After 6 months of treatment in the subgroup of patients treated with sibutramine, the decrease in body weight was 9.6 ± 0.2 kg (10.9% of the initial body weight). During treatment, BMI significantly decreased from 31.8 ± 0.6 to 29.5 ± 0.9 kg/m2. During decrease in body weight, the WC and HC decreased. After 6 months of treatment, WC and HC decreased from 95.2 ± 2.5 to 90.1 ± 2.7 (mean, 5.1 ± 0.4 cm) and from 116.7 ± 1.7 to 110.6 ± 2.1 cm (mean, 6.1 ± 1.1 cm) (5.2%), respectively, and the WC/HC index decreased significantly from 0.815 ± 0.009 to 0.81 ± 0.009. The improvement in anthropometric indicators was accompanied by a change in body composition. In the subgroup of patients treated with metformin, the decrease in body weight was 7.0 ± 0.4 kg (8.2% of the initial body weight). During treatment, BMI decreased significantly from 30.7 ± 0.6 to 28.4 ± 0.9 kg/m2. After 6 months of treatment, WC decreased from 93.7 ± 2.3 to 88.2 ± 2.0 cm (mean, 5.5 ± 0.3 cm), and HC decreased with a mean of 3.7 ± 1.1 cm (3.2%), and the WC/HC index decreased significantly from 0.818 ± 0.009 to 0.79 ± 0.009.

Thus, sibutramine and metformin were effective in reducing the body weight of all patients in the subgroups. The decrease in body weight was accompanied by an improvement in all anthropometric parameters. The body composition was analyzed using Fisher exact criterion, which showed a significant loss of adipose tissue in subgroups 1 and 2 by 20% and 18%, respectively (Table 2).

 

Table 2 / Таблица 2

Changes in anthropometric indicators and body composition in patients after 6 months of treatment with sibutramine (1st subgroup) and metformin (2nd subgroup), as a percentage of the initial values

Изменения антропометрических показателей и композиционного состава тела у больных через 6 мес. терапии сибутрамином (первая подгруппа) и метформином (вторая подгруппа) в процентном соотношении от исходных значений

Indicators

Subgroup 1 (n = 19)

Subgroup 2 (n = 19)

BMI, kg/m2

–7.2 %

–7.5 %

Body weight, kg

–10.9 %

–8.2 %

Waist circumference/hip circumference

–1 %

–3.4 %

Fat content in the abdomen, %

–4 %

–9.8 %

Adipose tissue mass, kg

–20 %

–18 %

Lean mass, kg

–3.6 %

–1.6 %

Note. *Difference of the compared indicators at p < 0.05.

 

Metformin therapy resulted in a significantly more pronounced decrease in the proportion of abdominal adipose tissue and WC/HC ratio.

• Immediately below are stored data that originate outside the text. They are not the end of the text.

(* Translating the output by a codeword permutes the messages, so out_weight is invariant. *)
lemma out_weight_vxor:
  assumes x: "x \<in> bvecs k"
  shows "out_weight n k e A (vxor y (encode n k A x)) = out_weight n k e A y"
proof -
  have "out_weight n k e A (vxor y (encode n k A x))
      = (\<Sum>z\<in>bvecs k. lik n e (vxor y (encode n k A x)) (encode n k A (vxor x z)))"
    unfolding out_weight_def
    by (rule sum.reindex_bij_witness[where i = "vxor x" and j = "vxor x"])
       (auto simp: vxor_bvecs[OF x] vxor_cancel)
  then show ?thesis unfolding encode_vxor lik_vxor out_weight_def .
qed

(* Step (1): by translation invariance every message contributes the same amount. *)
lemma p_c_formula:
  assumes e: "0 < e" "e < 1"
  shows "p_c n k e A = (\<Sum>y\<in>bvecs n. lik n e y (\<lambda>_. False) ^ 2 / out_weight n k e A y)"
proof -
  have summand: "joint_prob n k e A x y * posterior n k e A x y
      = lik n e y (encode n k A x) ^ 2 / (2 ^ k * out_weight n k e A y)" for x y
    unfolding posterior_def out_prob_weight joint_prob_lik
    using out_weight_pos[OF e, of n k A y] by (simp add: field_simps power2_eq_square)
  have shift: "(\<Sum>y\<in>bvecs n. lik n e y (encode n k A x) ^ 2 / (2 ^ k * out_weight n k e A y))
      = (\<Sum>y\<in>bvecs n. lik n e y (\<lambda>_. False) ^ 2 / (2 ^ k * out_weight n k e A y))"
    if x: "x \<in> bvecs k" for x
    by (rule sum.reindex_bij_witness[where i = "\<lambda>y. vxor y (encode n k A x)"
                                        and j = "\<lambda>y. vxor y (encode n k A x)"])
       (auto simp: vxor_bvecs encode_bvecs vxor_cancel lik_vxor_zero out_weight_vxor[OF x])
  have "p_c n k e A = (\<Sum>x\<in>bvecs k. \<Sum>y\<in>bvecs n. lik n e y (\<lambda>_. False) ^ 2 / (2 ^ k * out_weight n k e A y))"
    unfolding p_c_def summand by (rule sum.cong[OF refl] shift)+
  also have "\<dots> = (\<Sum>y\<in>bvecs n. lik n e y (\<lambda>_. False) ^ 2 / out_weight n k e A y)"
    by (simp add: card_bvecs sum_distrib_left)
  finally show ?thesis .
qed
lemma gegenbauer_iterated_antideriv_expansion:
  assumes "n + j \<le> K"
  shows "gegenbauer_iterated_antideriv lam j n
           = (\<Sum>k\<le>K. smult (gegenbauer_antideriv_coeff lam j k n) (gegenbauer_poly lam k))"
  using assms
proof (induction j arbitrary: n)
  case 0
  then show ?case
    by (simp add: if_distrib[of "\<lambda>c. smult c _"] cong: if_cong)
next
  case (Suc j)
  have "n \<noteq> 0 \<Longrightarrow> n - 1 + j \<le> K"
    using Suc.prems by simp
  then show ?case
    using Suc.IH[of "Suc n"] Suc.IH[of "n - 1"] Suc.prems
    by (simp add: gegenbauer_antideriv_comb_def smult_sum_right smult_diff_left smult_diff_right
        sum_subtractf diff_divide_distrib del: gegenbauer_poly.simps)
qed

lemma gegenbauer_antideriv_coeff_Suc_row:
  "gegenbauer_antideriv_coeff lam (Suc j) k n
     = gegenbauer_antideriv_coeffs lam (\<lambda>i. gegenbauer_antideriv_coeff lam j i n) k"
proof (induction j arbitrary: k n)
  case 0
  then show ?case
    by (auto simp: gegenbauer_antideriv_comb_def gegenbauer_antideriv_coeffs_def add_ac)
next
  case (Suc j)
  have "gegenbauer_antideriv_coeff lam (Suc j) k
      = (\<lambda>m. gegenbauer_antideriv_coeffs lam (\<lambda>i. gegenbauer_antideriv_coeff lam j i m) k)"
    by (rule ext) (rule Suc.IH)
  then have "gegenbauer_antideriv_coeff lam (Suc (Suc j)) k n
      = gegenbauer_antideriv_comb lam
          (\<lambda>m. gegenbauer_antideriv_coeffs lam (\<lambda>i. gegenbauer_antideriv_coeff lam j i m) k) n"
    by (simp only: gegenbauer_antideriv_coeff.simps(2))
  also have "\<dots> = gegenbauer_antideriv_coeffs lam (\<lambda>i. gegenbauer_antideriv_coeff lam (Suc j) i n) k"
    by (simp add: gegenbauer_antideriv_comb_coeffs_commute)
  finally show ?case .
qed

lemma gegenbauer_antideriv_coeff_weighted_sym:
  "(-1) ^ k / (real k + lam) * gegenbauer_antideriv_coeff lam j k n
     = (-1) ^ n / (real n + lam) * gegenbauer_antideriv_coeff lam j n k"
proof (induction j arbitrary: k n)
  case (Suc j)
  have "(-1) ^ k / (real k + lam) * gegenbauer_antideriv_coeff lam (Suc j) k n
      = gegenbauer_antideriv_comb lam (\<lambda>i. (-1) ^ i / (real i + lam) * gegenbauer_antideriv_coeff lam j i n) k"
    by (simp only: gegenbauer_antideriv_coeff_Suc_row gegenbauer_antideriv_coeffs_weighted)
  also have "\<dots> = gegenbauer_antideriv_comb lam
      (\<lambda>i. (-1) ^ n / (real n + lam) * gegenbauer_antideriv_coeff lam j n i) k"
    by (simp only: Suc.IH)
  also have "\<dots> = (-1) ^ n / (real n + lam) * gegenbauer_antideriv_coeff lam (Suc j) n k"
    by (simp add: gegenbauer_antideriv_comb_def right_diff_distrib)
  finally show ?case .
qed simp

lemma gegenbauer_antideriv_coeff_swap:
  assumes "lam \<notin> \<int>\<^sub>\<le>\<^sub>0"
  shows "gegenbauer_antideriv_coeff lam j k n
           = (-1) ^ (k + n) * ((real k + lam) / (real n + lam)) * gegenbauer_antideriv_coeff lam j n k"
proof -
  have "real k + lam \<noteq> 0"
    using add_of_nat_neq_0_if_notin_nonpos_Ints[OF assms] .
  moreover have "(-1) ^ k * (-1) ^ k = (1 :: real)"
    by (simp flip: power_add)
  ultimately have "gegenbauer_antideriv_coeff lam j k n
      = (-1) ^ k * (real k + lam) * ((-1) ^ k / (real k + lam) * gegenbauer_antideriv_coeff lam j k n)"
    by (simp add: field_simps)
  also have "\<dots> = (-1) ^ k * (real k + lam) * ((-1) ^ n / (real n + lam) * gegenbauer_antideriv_coeff lam j n k)"
    by (simp only: gegenbauer_antideriv_coeff_weighted_sym)
  also have "\<dots> = (-1) ^ (k + n) * ((real k + lam) / (real n + lam)) * gegenbauer_antideriv_coeff lam j n k"
    by (simp add: power_add)
  finally show ?thesis .
qed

The leptin level in the blood of both subgroups was analyzed before and after treatment. The data obtained showed that the use of sibutramine led to a significant (p < 0.05) decrease in leptin level after treatment, whereas the use of metformin altered the leptin level less significantly before and after treatment (Fig. 1).

 

Fig. 1. Leptin levels in two subgroups before and after treatment

Рис. 1. Уровень лептина в двух подгруппах до и после лечения

 

Before the start of treatment of 19 patients in subgroup 1 who were treated with sibutramine, 10 patients (53%) had a regular menstrual cycle, 8 patients (42%) had opsomenorrhea menstrual irregularities, and 1 patient had amenorrhea (5%). Ovulatory and anovulatory cycles were noted in 7 (37%) and 12 (63%) women, respectively. After 6 months of sibutramine therapy, ovulatory cycle was recorded in 13 (68%) women. Before the start of treatment of 19 patients in subgroup 2 who were treated with metformin, 11 patients (58%) had regular menstrual cycles, and opsomenorrhea or amenorrhea menstrual irregularities were noted in 8 patients (42.1%). After 6 months of metformin therapy, ovulatory cycle was recorded in 16 (84%) women.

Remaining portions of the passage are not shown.